━━━ DATA RECORDS ━━━

lemma lower_order_op_tendsto_iff:
  fixes B :: "'e \<Rightarrow> nat \<Rightarrow> 'm::finite \<Rightarrow> 'm \<Rightarrow> real \<Rightarrow> complex"
  assumes B: "\<forall>\<^sub>F \<epsilon> in F. \<forall>q<r. B \<epsilon> q \<in> mat_Hoelder a b n \<alpha>"
  shows "(\<forall>q<r. ((\<lambda>\<epsilon>. mat_hnorm a b n \<alpha> (B \<epsilon> q)) \<longlongrightarrow> 0) F)
      \<longleftrightarrow> ((\<lambda>\<epsilon>. op_norm a b n r \<alpha> (lower_order_op a b r (B \<epsilon>))) \<longlongrightarrow> 0) F" (is "?coef \<longleftrightarrow> ?op")
    and "((\<lambda>\<epsilon>. op_norm a b n r \<alpha> (lower_order_op a b r (B \<epsilon>))) \<longlongrightarrow> 0) F
      \<longleftrightarrow> (\<forall>y\<in>vec_Hoelder a b (n + r) \<alpha>. ((\<lambda>\<epsilon>. vec_hnorm a b n \<alpha> (lower_order_op a b r (B \<epsilon>) y)) \<longlongrightarrow> 0) F)"
      (is "_ \<longleftrightarrow> ?pointwise")
proof -
  have coef_op: ?op if ?coef
  proof -
    have "\<forall>\<^sub>F \<epsilon> in F. norm (op_norm a b n r \<alpha> (lower_order_op a b r (B \<epsilon>)))
        \<le> mult_const n * embed_const ^ r * (\<Sum>q<r. mat_hnorm a b n \<alpha> (B \<epsilon> q))"
      using B by (rule eventually_mono) (simp add: lower_order_op_op_norm(1,2))
    moreover have "((\<lambda>\<epsilon>. mult_const n * embed_const ^ r * (\<Sum>q<r. mat_hnorm a b n \<alpha> (B \<epsilon> q))) \<longlongrightarrow> 0) F"
      using that by (intro tendsto_mult_right_zero tendsto_null_sum) auto
    ultimately show ?thesis
      by (rule Lim_null_comparison)
  qed
  have op_pointwise: ?pointwise if ?op
  proof
    fix y :: "'m \<Rightarrow> real \<Rightarrow> complex"
    assume y: "y \<in> vec_Hoelder a b (n + r) \<alpha>"
    have "\<forall>\<^sub>F \<epsilon> in F. norm (vec_hnorm a b n \<alpha> (lower_order_op a b r (B \<epsilon>) y))
        \<le> op_norm a b n r \<alpha> (lower_order_op a b r (B \<epsilon>)) * vec_hnorm a b (n + r) \<alpha> y"
      using B by (rule eventually_mono)
        (simp add: y lower_order_op_op_norm(3) vec_hnorm_nonneg lower_order_op_bound)
    moreover have "((\<lambda>\<epsilon>. op_norm a b n r \<alpha> (lower_order_op a b r (B \<epsilon>)) * vec_hnorm a b (n + r) \<alpha> y) \<longlongrightarrow> 0) F"
      using that by (rule tendsto_mult_left_zero)
    ultimately show "((\<lambda>\<epsilon>. vec_hnorm a b n \<alpha> (lower_order_op a b r (B \<epsilon>) y)) \<longlongrightarrow> 0) F"
      by (rule Lim_null_comparison)
  qed
  have pointwise_coef: ?coef if ?pointwise
    unfolding mat_hnorm_def using coefficient_tendsto_zero[OF B] that by (auto intro!: tendsto_null_sum)
  show "?coef \<longleftrightarrow> ?op" "?op \<longleftrightarrow> ?pointwise"
    using coef_op op_pointwise pointwise_coef by blast+
qed

end

theorem theorem2:
  fixes a b \<alpha> \<epsilon>0 :: real and r n :: nat
    and A :: "nat \<Rightarrow> real \<Rightarrow> 'm::finite \<Rightarrow> 'm \<Rightarrow> real \<Rightarrow> complex"
  assumes "a < b" and "r \<ge> 2" and "0 < \<alpha>" and "\<alpha> \<le> 1" and "\<epsilon>0 > 0"
    and "\<And>\<epsilon> j. \<epsilon> \<in> {0..<\<epsilon>0} \<Longrightarrow> j \<in> {1..r} \<Longrightarrow> A (r - j) \<epsilon> \<in> mat_Hoelder a b n \<alpha>"
  shows "((\<forall>j\<in>{1..r}. ((\<lambda>\<epsilon>. mat_hnorm a b n \<alpha> (\<lambda>i k t. A (r - j) \<epsilon> i k t - A (r - j) 0 i k t))
               \<longlongrightarrow> 0) (at_right 0))
          \<longleftrightarrow> ((\<lambda>\<epsilon>. op_norm a b n r \<alpha> (\<lambda>y. \<lambda>i t. diff_op a b r (\<lambda>p. A p \<epsilon>) y i t - diff_op a b r (\<lambda>p. A p 0) y i t))
               \<longlongrightarrow> 0) (at_right 0))
       \<and> (((\<lambda>\<epsilon>. op_norm a b n r \<alpha> (\<lambda>y. \<lambda>i t. diff_op a b r (\<lambda>p. A p \<epsilon>) y i t - diff_op a b r (\<lambda>p. A p 0) y i t))
               \<longlongrightarrow> 0) (at_right 0)
          \<longleftrightarrow> (\<forall>y\<in>vec_Hoelder a b (n + r) \<alpha>.
                ((\<lambda>\<epsilon>. vec_hnorm a b n \<alpha> (\<lambda>i t. diff_op a b r (\<lambda>p. A p \<epsilon>) y i t - diff_op a b r (\<lambda>p. A p 0) y i t))
                  \<longlongrightarrow> 0) (at_right 0)))"
proof -
  interpret hoelder_interval a b \<alpha>
    using assms by unfold_locales auto
  have A: "A q \<epsilon> \<in> mat_Hoelder a b n \<alpha>" if "\<epsilon> \<in> {0..<\<epsilon>0}" "q < r" for \<epsilon> q
    using assms(6)[OF that(1)] ball_atLeast1_atMost_diff_iff[of r "\<lambda>q. A q \<epsilon> \<in> mat_Hoelder a b n \<alpha>"] that(2)
    by blast
  have "\<forall>\<^sub>F \<epsilon> in at_right 0. \<forall>q<r. (\<lambda>i k t. A q \<epsilon> i k t - A q 0 i k t) \<in> mat_Hoelder a b n \<alpha>"
    using eventually_at_right_real[OF assms(5)]
    by (rule eventually_mono) (use A assms(5) Hoelder_diff in \<open>auto simp: mat_Hoelder_def\<close>)
  from lower_order_op_tendsto_iff[OF this] show ?thesis
    unfolding diff_op_minus ball_atLeast1_atMost_diff_iff[where
        P = "\<lambda>q. ((\<lambda>\<epsilon>. mat_hnorm a b n \<alpha> (\<lambda>i k t. A q \<epsilon> i k t - A q 0 i k t)) \<longlongrightarrow> 0) (at_right 0)"]
    by blast
qed

end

━━━

AIM OF THE TASK |
For the listing above, find how many lines hold the word "longleftrightarrow". Only the number should be written.

TASK OUTPUT |
6